Sport is critical to national identity. Yeah Right!
Deborah Coddington has a piece today in Herald on Sunday on TVNZ’s disgraceful attempt to nobble Sky TV.
As she writes:-
You have to worry about state-owned television when it pronounces that “sport is critical to the national identity”, as it did this week in a submission to the Ministry of Culture and Heritage.
If that is the case we had better sort ourselves out. There have to be other things that define the national identity, whatever it might be.
We should worry also about TVNZ producing silly submissions like this one. We need to worry even more if anyone in Wellington takes TVNZ seriously.
She goes on:-
I’d argue there’s no such thing as national identity, unless, heaven forbid, our tireless quest for such is a national identity in itself.
But I, for one, do not wish to be lumped into the same brand as, say, Chris Kahui and Macsyna King, and for sure there are saintly people, like Russell Brown, who don’t want to be identified with me.
And then:-
TVNZ claimed with a straight face that sports fans have to pay a “sports tax” by forking out $14 a week in Sky subscriptions to watch major sporting events on television.
When you scan the list of free-to-air sports events, however, fans are hardly suffering. Without Sky they can still watch the Rugby Sevens, some Fifa football, the World Netball Championships, the Olympics, numerous motorsport races, the ASB Classic tennis and the Heineken Open. And who has the monopoly on these events? TVNZ, of course, and no doubt it would love to get its hands on a few more, if not for that pesky Sky.
Then later:-
And since TVNZ is so concerned about New Zealanders being forced to pay a tax to see a sporting match, it has to be said if you drive around any poor suburb, where families struggle to meet the mortgage, rent or power bills, the house with no Sky satellite dish sticks out like rude things on dogs.

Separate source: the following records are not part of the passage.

(* Let $I=[0,1]$ and $f_{1,\infty}$ an $m$-periodic sequence of continuous self-maps of $I$. If $(I,f_{1,\infty})$ is weakly mixing, then it is ergodically sensitive and syndetically sensitive.
   Context: $m$-periodic: $f_{n+m}=f_n$ for all $n$. Write $f_1^n=f_n\circ\cdots\circ f_1$. Weakly mixing: for all non-empty open $U_1,U_2,V_1,V_2$ there is $n$ with $f_1^n(U_i)\cap V_i\ne\emptyset$, $i=1,2$. For open $U$ and $\delta>0$, $N_{f_{1,\infty}}(U,\delta)=\{n\in\mathbb{N}:\exists x,y\in U,\ |f_1^n(x)-f_1^n(y)|>\delta\}$. A set $F\subseteq\mathbb{N}$ is syndetic if there is $a$ with $\{i,\dots,i+a\}\cap F\ne\emptyset$ for all $i$; upper density $\overline{d}(S)=\limsup_{n\to\infty}\frac1n|S\cap\{0,\dots,n-1\}|$. Syndetically (resp. ergodically) sensitive: there is $\delta>0$ with $N_{f_{1,\infty}}(U,\delta)$ syndetic (resp. of positive upper density) for every non-empty open $U$. *)

theory Defs
  imports "HOL-Analysis.Analysis" "HOL-Library.Liminf_Limsup"
begin

abbreviation unitI :: "real set" where "unitI \<equiv> {0..1}"

primrec iter_comp :: "(nat \<Rightarrow> real \<Rightarrow> real) \<Rightarrow> nat \<Rightarrow> real \<Rightarrow> real" where
  "iter_comp f 0 = id"
| "iter_comp f (Suc n) = f (Suc n) \<circ> iter_comp f n"

text \<open>A sequence f_1, f_2, ... of continuous self-maps of I (f 0 unused).\<close>
definition cont_selfmap_seq :: "(nat \<Rightarrow> real \<Rightarrow> real) \<Rightarrow> bool" where
  "cont_selfmap_seq f \<longleftrightarrow>
     (\<forall>n\<ge>1. continuous_on unitI (f n) \<and> f n ` unitI \<subseteq> unitI)"

definition periodic_seq :: "nat \<Rightarrow> (nat \<Rightarrow> real \<Rightarrow> real) \<Rightarrow> bool" where
  "periodic_seq m f \<longleftrightarrow> m \<ge> 1 \<and> (\<forall>n\<ge>1. f (n + m) = f n)"

definition nonempty_open_I :: "real set \<Rightarrow> bool" where
  "nonempty_open_I U \<longleftrightarrow> openin (top_of_set unitI) U \<and> U \<noteq> {}"

definition weakly_mixing :: "(nat \<Rightarrow> real \<Rightarrow> real) \<Rightarrow> bool" where
  "weakly_mixing f \<longleftrightarrow>
     (\<forall>U1 U2 V1 V2. nonempty_open_I U1 \<and> nonempty_open_I U2 \<and>
        nonempty_open_I V1 \<and> nonempty_open_I V2 \<longrightarrow>
        (\<exists>n\<ge>1. iter_comp f n ` U1 \<inter> V1 \<noteq> {} \<and> iter_comp f n ` U2 \<inter> V2 \<noteq> {}))"

definition sens_set :: "(nat \<Rightarrow> real \<Rightarrow> real) \<Rightarrow> real set \<Rightarrow> real \<Rightarrow> nat set" where
  "sens_set f U \<delta> = {n. \<exists>x\<in>U. \<exists>y\<in>U. \<bar>iter_comp f n x - iter_comp f n y\<bar> > \<delta>}"

definition syndetic :: "nat set \<Rightarrow> bool" where
  "syndetic F \<longleftrightarrow> (\<exists>a. \<forall>i. {i..i+a} \<inter> F \<noteq> {})"

definition upper_density :: "nat set \<Rightarrow> ereal" where
  "upper_density S = limsup (\<lambda>n. ereal (real (card (S \<inter> {0..<n})) / real n))"

definition syndetically_sensitive :: "(nat \<Rightarrow> real \<Rightarrow> real) \<Rightarrow> bool" where
  "syndetically_sensitive f \<longleftrightarrow>
     (\<exists>\<delta>>0. \<forall>U. nonempty_open_I U \<longrightarrow> syndetic (sens_set f U \<delta>))"

definition ergodically_sensitive :: "(nat \<Rightarrow> real \<Rightarrow> real) \<Rightarrow> bool" where
  "ergodically_sensitive f \<longleftrightarrow>
     (\<exists>\<delta>>0. \<forall>U. nonempty_open_I U \<longrightarrow> upper_density (sens_set f U \<delta>) > 0)"

end

theory Submission
  imports Defs
begin

text \<open>Weak mixing makes every nonempty open set spread by more than 1/3 at arbitrarily late
  times. If an interval U spreads at time n, its image contains one of the six cells
  [i/6, (i+1)/6], and that cell spreads again after a delay which, by m-periodicity, depends only
  on i and n mod m. So the spreading times of U have bounded gaps: they form a syndetic set, and
  syndetic sets have positive upper density. Every open set contains such an interval.\<close>

lemma cont_selfmap_seq_iter_comp:
  assumes "cont_selfmap_seq f"
  shows "continuous_on unitI (iter_comp f n) \<and> iter_comp f n ` unitI \<subseteq> unitI"
proof (induction n)
  case 0
  then show ?case by simp
next
  case (Suc n)
  have "continuous_on unitI (f (Suc n))" "f (Suc n) ` unitI \<subseteq> unitI"
    using assms unfolding cont_selfmap_seq_def by auto
  with Suc show ?case
    by (auto simp: image_subset_iff intro: continuous_on_compose2)
qed

lemma iter_comp_add: "iter_comp f (n + j) = iter_comp (\<lambda>k. f (n + k)) j \<circ> iter_comp f n"
  by (induction j) auto

lemma iter_comp_cong: "(\<And>k. k \<ge> 1 \<Longrightarrow> g k = h k) \<Longrightarrow> iter_comp g j = iter_comp h j"
  by (induction j) auto

lemma periodic_seq_add_mult:
  assumes "periodic_seq m f" "k \<ge> 1"
  shows "f (k + t * m) = f k"
proof (induction t)
  case (Suc t)
  have "f (k + Suc t * m) = f ((k + t * m) + m)" by (simp add: algebra_simps)
  with Suc assms show ?case unfolding periodic_seq_def by simp
qed simp

lemma periodic_seq_iter_comp_shift:
  assumes "periodic_seq m f"
  shows "iter_comp (\<lambda>k. f (n + k)) j = iter_comp (\<lambda>k. f (n mod m + k)) j"
proof (rule iter_comp_cong)
  fix k :: nat
  assume "k \<ge> 1"
  have "n + k = (n mod m + k) + (n div m) * m" by simp
  then show "f (n + k) = f (n mod m + k)"
    using periodic_seq_add_mult[OF assms, of "n mod m + k" "n div m"] \<open>k \<ge> 1\<close> by simp
qed

lemma sens_set_mono: "U \<subseteq> V \<Longrightarrow> sens_set f U \<delta> \<subseteq> sens_set f V \<delta>"
  unfolding sens_set_def by blast

lemma sens_set_shift:
  "n + j \<in> sens_set f U \<delta> \<longleftrightarrow> j \<in> sens_set (\<lambda>k. f (n + k)) (iter_comp f n ` U) \<delta>"
  unfolding sens_set_def by (simp add: iter_comp_add)

lemma nonempty_open_I_subset: "nonempty_open_I U \<Longrightarrow> U \<subseteq> unitI"
  unfolding nonempty_open_I_def by (metis openin_subset topspace_euclidean_subtopology)

lemma nonempty_open_I_Int:
  assumes "nonempty_open_I U" "openin (top_of_set unitI) V" "u \<in> U" "u \<in> V"
  shows "nonempty_open_I (U \<inter> V)"
  using assms unfolding nonempty_open_I_def by blast

lemma nonempty_open_I_open_Int: "open S \<Longrightarrow> x \<in> unitI \<Longrightarrow> x \<in> S \<Longrightarrow> nonempty_open_I (unitI \<inter> S)"
  unfolding nonempty_open_I_def by (auto intro: openin_open_Int)

lemma openin_iter_comp_close:
  assumes "cont_selfmap_seq f"
  shows "openin (top_of_set unitI)
           {x \<in> unitI. \<forall>k\<le>N. \<bar>iter_comp f k x - iter_comp f k u\<bar> < \<epsilon>}"
proof -
  have "{x \<in> unitI. \<forall>k\<le>N. \<bar>iter_comp f k x - iter_comp f k u\<bar> < \<epsilon>}
        = (\<Inter>k\<in>{..N}. unitI \<inter> iter_comp f k -` ball (iter_comp f k u) \<epsilon>)"
    by (auto simp: dist_real_def abs_minus_commute)
  also have "openin (top_of_set unitI) \<dots>"
  proof (rule openin_INT2)
    show "openin (top_of_set unitI) (unitI \<inter> iter_comp f k -` ball (iter_comp f k u) \<epsilon>)" for k
      using cont_selfmap_seq_iter_comp[OF assms]
      by (intro continuous_openin_preimage_gen) auto
  qed auto
  finally show ?thesis .
qed

text \<open>Apply weak mixing to a neighbourhood of u on which the first N iterates move by less
  than 1/6, with targets near 0 and near 1: the resulting spread cannot happen before time N.\<close>

lemma weakly_mixing_sens_set_unbounded:
  assumes cs: "cont_selfmap_seq f" and wm: "weakly_mixing f" and U: "nonempty_open_I U"
  shows "\<exists>n>N. n \<in> sens_set f U (1/3)"
proof -
  obtain u where u: "u \<in> U" using U unfolding nonempty_open_I_def by blast
  have uI: "u \<in> unitI" using u nonempty_open_I_subset[OF U] by blast
  define W where "W = U \<inter> {x \<in> unitI. \<forall>k\<le>N. \<bar>iter_comp f k x - iter_comp f k u\<bar> < 1/6}"
  have W: "nonempty_open_I W"
    unfolding W_def
    by (rule nonempty_open_I_Int[OF U openin_iter_comp_close[OF cs] u]) (use uI in auto)
  define V1 where "V1 = unitI \<inter> {..<1/3::real}"
  define V2 where "V2 = unitI \<inter> {2/3::real<..}"
  have "nonempty_open_I V1" unfolding V1_def by (rule nonempty_open_I_open_Int[of _ 0]) auto
  moreover have "nonempty_open_I V2" unfolding V2_def by (rule nonempty_open_I_open_Int[of _ 1]) auto
  ultimately obtain n where "iter_comp f n ` W \<inter> V1 \<noteq> {}" "iter_comp f n ` W \<inter> V2 \<noteq> {}"
    using wm[unfolded weakly_mixing_def, rule_format, of W W V1 V2] W by blast
  then obtain x y where x: "x \<in> W" "iter_comp f n x < 1/3" and y: "y \<in> W" "iter_comp f n y > 2/3"
    unfolding V1_def V2_def by auto
  have gt: "\<bar>iter_comp f n x - iter_comp f n y\<bar> > 1/3" using x y by auto
  have "n > N"
  proof (rule ccontr)
    assume "\<not> n > N"
    then have "\<bar>iter_comp f n x - iter_comp f n u\<bar> < 1/6" "\<bar>iter_comp f n y - iter_comp f n u\<bar> < 1/6"
      using x(1) y(1) unfolding W_def by auto
    with gt show False by linarith
  qed
  moreover have "n \<in> sens_set f U (1/3)"
    using x(1) y(1) gt unfolding W_def sens_set_def by blast
  ultimately show ?thesis by blast
qed

lemma weakly_mixing_sens_set_shift_nonempty:
  assumes cs: "cont_selfmap_seq f" and wm: "weakly_mixing f" and U: "nonempty_open_I U"
    and ab: "a < b" "{a..b} \<subseteq> iter_comp f n ` U"
  shows "\<exists>j\<ge>1. j \<in> sens_set (\<lambda>k. f (n + k)) {a..b} (1/3)"
proof -
  define F where "F = iter_comp f n"
  have "(a + b) / 2 \<in> F ` U" using ab unfolding F_def by auto
  then obtain z where z: "z \<in> U" "F z \<in> {a<..<b}" using ab(1) by auto
  define W where "W = U \<inter> (unitI \<inter> F -` {a<..<b})"
  have "openin (top_of_set unitI) (unitI \<inter> F -` {a<..<b})"
    using cont_selfmap_seq_iter_comp[OF cs] unfolding F_def
    by (intro continuous_openin_preimage_gen) auto
  then have W: "nonempty_open_I W"
    unfolding W_def using z U nonempty_open_I_subset[OF U]
    by (intro nonempty_open_I_Int[where u = z]) auto
  obtain n' where n': "n' > n" "n' \<in> sens_set f W (1/3)"
    using weakly_mixing_sens_set_unbounded[OF cs wm W] by blast
  then have "n' - n \<in> sens_set (\<lambda>k. f (n + k)) (F ` W) (1/3)"
    using sens_set_shift[of n "n' - n"] unfolding F_def by simp
  moreover have "F ` W \<subseteq> {a..b}" unfolding W_def by auto
  ultimately have "n' - n \<in> sens_set (\<lambda>k. f (n + k)) {a..b} (1/3)"
    using sens_set_mono by blast
  with n'(1) show ?thesis by (intro exI[of _ "n' - n"]) auto
qed

lemma Icc_contains_sixth:
  fixes p q :: real
  assumes "0 \<le> p" "q \<le> 1" "q - p > 1/3"
  shows "\<exists>i<6. {real i / 6 .. (real i + 1) / 6} \<subseteq> {p..q}"
proof -
  define i where "i = nat \<lceil>6 * p\<rceil>"
  have "real i = of_int \<lceil>6 * p\<rceil>" unfolding i_def using assms(1) by simp
  then have "6 * p \<le> real i" "real i \<le> 6 * p + 1"
    using le_of_int_ceiling[of "6 * p"] of_int_ceiling_le_add_one[of "6 * p"] by auto
  with assms show ?thesis by (intro exI[of _ i]) auto
qed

TVNZ is behaving like the spoilt kid in the playground who thought mummy and daddy had given him everything, only to find the snotty-nosed rough kid who spent his spare time earning money doing unglamorous jobs like delivering circulars can suddenly buy more friends than he can
She carries on in similar vein.
Unlike Coddington, Adam will not take solace in assuming that because Helen Clark does not like sport that this power seeking government will not accede to TVNZ. After all Sky has a property right and is a free market success. Not a suitable role model for NZ.
If it will get them back in the election TVNZ might find someone in Labour listens.